Re: What is co-housing really?
From: Kristen Simmons (
Date: Fri, 29 Aug 2008 07:41:31 -0700 (PDT)
What is cohousing really? That depends... ;-)

Communities that describe themselves as cohousing usually share the
six characteristics at this link: . The biggest requirement
is to know and work with ones neighbors.

Beyond that, each community is unique. Most communities have a vision
and/or mission statement, which might be something to examine if you
are looking for a specific type of community. It would be possible to
have a really narrowly defined cohousing community. For example, there
could a cohousing community for women who voted for Bush and are less
than 5' tall. But, it's doubtful that a bank would finance that
project or that most folks could get a mortgage. The Fair Housing Act
might have something to say about resales, as well. But it could still
be cohousing!

I am a part of a group that is now forming in Boston. We are actively seeking to be diverse in
terms of income, race, age, sexual identity. We are putting time and
money into making that a reality. But it's tricky.

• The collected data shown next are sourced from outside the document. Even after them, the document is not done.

lemma structure_bounds_imp_has_structure:
  fixes T :: "real^'d^'n \<Rightarrow> real^'d^'n"
  assumes "1 < q" "0 \<le> \<epsilon>" "continuous_on UNIV T" "T 0 = 0" "structure_bounds q \<epsilon> T"
  shows "has_structure q \<epsilon> T"
proof -
  obtain c C where "0 < c" "0 < C" and H: "\<And>P Q. Q \<noteq> 0 \<Longrightarrow>
      c * (\<epsilon> + norm Q + norm (Q - P)) powr (q - 2) * (norm (Q - P))\<^sup>2 \<le> (T Q - T P) \<bullet> (Q - P) \<and>
      norm (T Q - T P) \<le> C * (\<epsilon> + norm Q + norm (Q - P)) powr (q - 2) * norm (Q - P)"
    using assms(5) unfolding structure_bounds_def by blast
  have "c * shifted (phi_deriv q \<epsilon>) (norm Q) (norm (Q - P)) \<le> (T Q - T P) \<bullet> (Q - P) \<and>
      norm (T Q - T P) \<le> C * shifted_deriv (phi_deriv q \<epsilon>) (norm Q) (norm (Q - P))"
    if "Q \<noteq> 0" for P Q
  proof -
    have "c * shifted (phi_deriv q \<epsilon>) (norm Q) (norm (Q - P))
        \<le> c * ((\<epsilon> + norm Q + norm (Q - P)) powr (q - 2) * (norm (Q - P))\<^sup>2)"
      using shifted_phi_deriv_bounds(2)[OF assms(1,2), of "norm Q" "norm (Q - P)"] that \<open>0 < c\<close>
      by (intro mult_left_mono) auto
    then show ?thesis
      using H[OF that, of P] that by (simp add: shifted_deriv_phi_deriv add_pos_nonneg mult.assoc)
  qed
  with assms(3,4) \<open>0 < c\<close> \<open>0 < C\<close> show ?thesis
    unfolding has_structure_def by blast
qed

lemma structure_boundsE:
  fixes T :: "'a::real_inner \<Rightarrow> 'a"
  assumes "structure_bounds q \<epsilon> T"
  obtains c C where "0 < c" "0 < C"
    and "\<And>P Q. Q \<noteq> 0 \<Longrightarrow>
      c * (\<epsilon> + norm Q + norm (Q - P)) powr (q - 2) * (norm (Q - P))\<^sup>2 \<le> (T Q - T P) \<bullet> (Q - P)"
    and "\<And>P Q. Q \<noteq> 0 \<Longrightarrow>
      c * (\<epsilon> + norm Q + norm (Q - P)) powr (q - 2) * norm (Q - P) \<le> norm (T Q - T P)"
    and "\<And>P Q. Q \<noteq> 0 \<Longrightarrow>
      norm (T Q - T P) \<le> C * (\<epsilon> + norm Q + norm (Q - P)) powr (q - 2) * norm (Q - P)"
proof -
  obtain c C where "0 < c" "0 < C" and H: "\<And>P Q. Q \<noteq> 0 \<Longrightarrow>
      c * (\<epsilon> + norm Q + norm (Q - P)) powr (q - 2) * (norm (Q - P))\<^sup>2 \<le> (T Q - T P) \<bullet> (Q - P) \<and>
      norm (T Q - T P) \<le> C * (\<epsilon> + norm Q + norm (Q - P)) powr (q - 2) * norm (Q - P)"
    using assms unfolding structure_bounds_def by blast
  have "c * (\<epsilon> + norm Q + norm (Q - P)) powr (q - 2) * norm (Q - P) \<le> norm (T Q - T P)"
    if "Q \<noteq> 0" for P Q
  proof (cases "P = Q")
    case False
    have "c * (\<epsilon> + norm Q + norm (Q - P)) powr (q - 2) * norm (Q - P) * norm (Q - P)
        \<le> norm (T Q - T P) * norm (Q - P)"
      using H[OF that, of P] norm_cauchy_schwarz[of "T Q - T P" "Q - P"]
      by (simp add: power2_eq_square mult.assoc)
    with False show ?thesis
      by simp
  qed simp
  with H that \<open>0 < c\<close> \<open>0 < C\<close> show ?thesis
    by blast
qed

lemma structure_bounds_imp_inj:
  fixes T :: "'a::real_inner \<Rightarrow> 'a"
  assumes "structure_bounds q \<epsilon> T" "0 \<le> \<epsilon>"
  shows "inj T"
proof -
  obtain c where "0 < c" and lower: "\<And>P Q. Q \<noteq> 0 \<Longrightarrow>
      c * (\<epsilon> + norm Q + norm (Q - P)) powr (q - 2) * norm (Q - P) \<le> norm (T Q - T P)"
    using structure_boundsE[OF assms(1)] by metis
  have "P = Q" if "T P = T Q" "Q \<noteq> 0" for P Q
  proof (rule ccontr)
    assume "P \<noteq> Q"
    have "0 < \<epsilon> + norm Q + norm (Q - P)"
      using \<open>0 \<le> \<epsilon>\<close> that(2) by (simp add: add_pos_nonneg add_nonneg_pos)
    then have "0 < c * (\<epsilon> + norm Q + norm (Q - P)) powr (q - 2) * norm (Q - P)"
      using \<open>0 < c\<close> \<open>P \<noteq> Q\<close> by simp
    also have "\<dots> \<le> norm (T Q - T P)"
      using lower[OF that(2)] .
    finally show False
      using that(1) by simp
  qed
  then show ?thesis
    by (metis injI)
qed

lemma structure_bounds_coercive:
  fixes T :: "'a::real_inner \<Rightarrow> 'a"
  assumes "structure_bounds q \<epsilon> T" "T 0 = 0" "1 < q" "0 \<le> \<epsilon>"
  shows "filterlim T at_infinity at_infinity"
proof -
  obtain c where "0 < c" and lower: "\<And>P Q. Q \<noteq> 0 \<Longrightarrow>
      c * (\<epsilon> + norm Q + norm (Q - P)) powr (q - 2) * norm (Q - P) \<le> norm (T Q - T P)"
    using structure_boundsE[OF assms(1)] by metis
  define m where "m = min 1 (3 powr (q - 2))"
  have "0 < c * m"
    using \<open>0 < c\<close> by (simp add: m_def)
  have "c * m * norm Q powr (q - 1) \<le> norm (T Q)" if "max \<epsilon> 1 \<le> norm Q" for Q
  proof -
    have "0 < norm Q"
      using that by linarith
    have "m * norm Q powr (q - 2) \<le> (\<epsilon> + 2 * norm Q) powr (q - 2)"
      using powr_mult_bounds(1)[of 1 "norm Q" "\<epsilon> + 2 * norm Q" 3 "q - 2"] that assms(4) \<open>0 < norm Q\<close>
      by (simp add: m_def)
    then have "c * m * norm Q powr (q - 1) \<le> c * (\<epsilon> + 2 * norm Q) powr (q - 2) * norm Q"
      using \<open>0 < c\<close> \<open>0 < norm Q\<close> powr_add[of "norm Q" "q - 2" 1]
      by (simp add: mult_left_mono mult_right_mono mult.assoc)
    also have "\<dots> \<le> norm (T Q)"
      using lower[of Q 0] \<open>0 < norm Q\<close> assms(2) by (simp add: add.commute)
    finally show ?thesis .
  qed
  then have "eventually (\<lambda>Q. c * m * norm Q powr (q - 1) \<le> norm (T Q)) at_infinity"
    unfolding eventually_at_infinity by blast
  moreover have "filterlim (\<lambda>Q. c * m * norm Q powr (q - 1)) at_top at_infinity"
    using \<open>0 < c * m\<close> assms(3)
    by (intro filterlim_tendsto_pos_mult_at_top[OF tendsto_const]
        filterlim_compose[OF real_powr_at_top filterlim_norm_at_top]) auto
  ultimately show ?thesis
    unfolding filterlim_at_infinity_conv_norm_at_top by (rule filterlim_at_top_mono[rotated])
qed

lemma surj_if_continuous_inj_coercive:
  fixes f :: "'a::euclidean_space \<Rightarrow> 'a"
  assumes "continuous_on UNIV f" "inj f" "filterlim f at_infinity at_infinity"
  shows "surj f"
proof -
  have "compact (f -` K)" if K: "compact K" for K
  proof -
    obtain B where B: "\<And>y. y \<in> K \<Longrightarrow> norm y \<le> B"
      using compact_imp_bounded[OF K] by (auto simp: bounded_iff)
    have "eventually (\<lambda>x. B + 1 \<le> norm (f x)) at_infinity"
      using filterlim_at_infinity_imp_norm_at_top[OF assms(3)] by (simp add: filterlim_at_top)
    then obtain R where R: "\<And>x. R \<le> norm x \<Longrightarrow> B + 1 \<le> norm (f x)"
      unfolding eventually_at_infinity by blast
    have "f -` K \<subseteq> cball 0 R"
    proof
      fix x
      assume "x \<in> f -` K"
      then have "\<not> B + 1 \<le> norm (f x)"
        using B by force
      then show "x \<in> cball 0 R"
        using R[of x] by (cases "R \<le> norm x") auto
    qed
    then show ?thesis
      using closed_vimage[OF compact_imp_closed[OF K] assms(1)]
      by (simp add: compact_eq_bounded_closed bounded_subset[OF bounded_cball])
  qed
  then have "proper_map euclidean euclidean f"
    using assms(1)
    by (intro compact_imp_proper_map) (auto simp: k_space_euclideanreal Hausdorff_imp_kc_space vimage_def)
  then have "closed (range f)"
    by (metis closed_closedin closed_map_def closedin_topspace proper_imp_closed_map topspace_euclidean)
  moreover have "open (range f)"
    using invariance_of_domain[OF assms(1) open_UNIV] assms(2) by simp
  ultimately show ?thesis
    using clopen[of "range f"] by auto
qed

lemma dual_scale_upper:
  fixes p \<delta> C a t a' t' :: real
  assumes "1 < p" "0 \<le> \<delta>" "0 < a" "0 \<le> t" "0 \<le> C"
    and "a' \<le> C * (\<delta> + 2 * a) powr (p - 2) * a"
    and "t' \<le> C * (\<delta> + a + t) powr (p - 2) * t"
  shows "\<delta> powr (p - 1) + a' + t' \<le> (1 + 2 powr (p - 1) * C + C) * (\<delta> + a + t) powr (p - 1)"
proof -
  define K where "K = \<delta> + a + t"
  have "0 < K"
    using assms by (simp add: K_def)
  have "\<delta> powr (p - 1) \<le> K powr (p - 1)"
    using assms by (intro powr_mono2) (auto simp: K_def)
  moreover have "(\<delta> + 2 * a) powr (p - 2) * a \<le> 2 powr (p - 1) * K powr (p - 1)"
  proof -
    have "(\<delta> + 2 * a) powr (p - 2) * a \<le> (\<delta> + 2 * a) powr (p - 2) * (\<delta> + 2 * a)"
      using assms by (intro mult_left_mono) auto
    also have "\<dots> = (\<delta> + 2 * a) powr (p - 1)"
      using assms powr_add[of "\<delta> + 2 * a" "p - 2" 1] by simp
    also have "\<dots> \<le> (2 * K) powr (p - 1)"
      using assms by (intro powr_mono2) (auto simp: K_def)
    also have "\<dots> = 2 powr (p - 1) * K powr (p - 1)"
      using \<open>0 < K\<close> by (simp add: powr_mult)
    finally show ?thesis .
  qed
  from mult_left_mono[OF this assms(5)]
  have "a' \<le> 2 powr (p - 1) * C * K powr (p - 1)"
    using assms(6) by (simp add: mult.assoc mult.left_commute)
  moreover have "K powr (p - 2) * t \<le> K powr (p - 1)"
    using assms powr_add[of K "p - 2" 1] \<open>0 < K\<close> by (simp add: K_def mult_left_mono)
  from mult_left_mono[OF this assms(5)]
  have "t' \<le> C * K powr (p - 1)"
    using assms(7) by (simp add: K_def mult.assoc)
  ultimately show ?thesis
    unfolding K_def[symmetric] by (simp add: distrib_right)
qed

lemma powr_mult_lower_if_dominant:
  fixes p \<delta> a t :: real
  assumes "0 \<le> \<delta>" "0 < a" "0 \<le> t" "\<delta> + a + t \<le> 3 * a"
  shows "min ((1/3) powr (p - 2)) (2 powr (p - 2)) / 3 * (\<delta> + a + t) powr (p - 1)
           \<le> (\<delta> + 2 * a) powr (p - 2) * a"
proof -
  define K where "K = \<delta> + a + t"
  have "0 < K"
    using assms by (simp add: K_def)
  have "min ((1/3) powr (p - 2)) (2 powr (p - 2)) * K powr (p - 2) \<le> (\<delta> + 2 * a) powr (p - 2)"
    using powr_mult_bounds(1)[of "1/3" K "\<delta> + 2 * a" 2 "p - 2"] assms \<open>0 < K\<close>
    by (simp add: K_def)
  then have "min ((1/3) powr (p - 2)) (2 powr (p - 2)) * K powr (p - 2) * (K / 3)
      \<le> (\<delta> + 2 * a) powr (p - 2) * a"
    using assms \<open>0 < K\<close> by (intro mult_mono) (auto simp: K_def)
  then show ?thesis
    using \<open>0 < K\<close> powr_add[of K "p - 2" 1] by (simp add: K_def)
qed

For example, regarding income diversity, we would like to have
households that are below 80% of the area median income. Those
households must be able to rent. We would like to have households at
30% of the area median income. Those households need to rent and also
need subsidies for any housing. To be truly diverse, we need to have
some rental housing, which someone or something will have to own.
(Reminder, we are developing in a dense, urban area. Tents, trailers,
build-it-yourself won't work here. The income levels are based on lots
of research, that I am more than happy to share.)

Who will own these rental units? Our current membership is not
wealthy. Most of us can barely afford our own units. Professionally,
we work with the elderly and the mentally ill in the non-profit
sector; we research; we preach. We do not make a lot of money, but we
are focused on our community and beyond!  We are working very hard to
make income diversity a reality. But what if we can't make it happen?
What if we can't get the financing for rental units as well as
financing for our own residences? What if we can't find a non-profit
to own a unit or two for rental? Will that mean that we are income
exclusive? (I'll admit that I am a bit sensitive about this. It's hard
to have a vision that may not happen, in part because we live in a
capitalist economy.)

I suspect that most forming groups really struggle with these issues.
It isn't easy. I would love to learn how other groups have made
diversity, especially in income and race, a reality while forming.
Donations for a couple deeply affordable units are also welcome!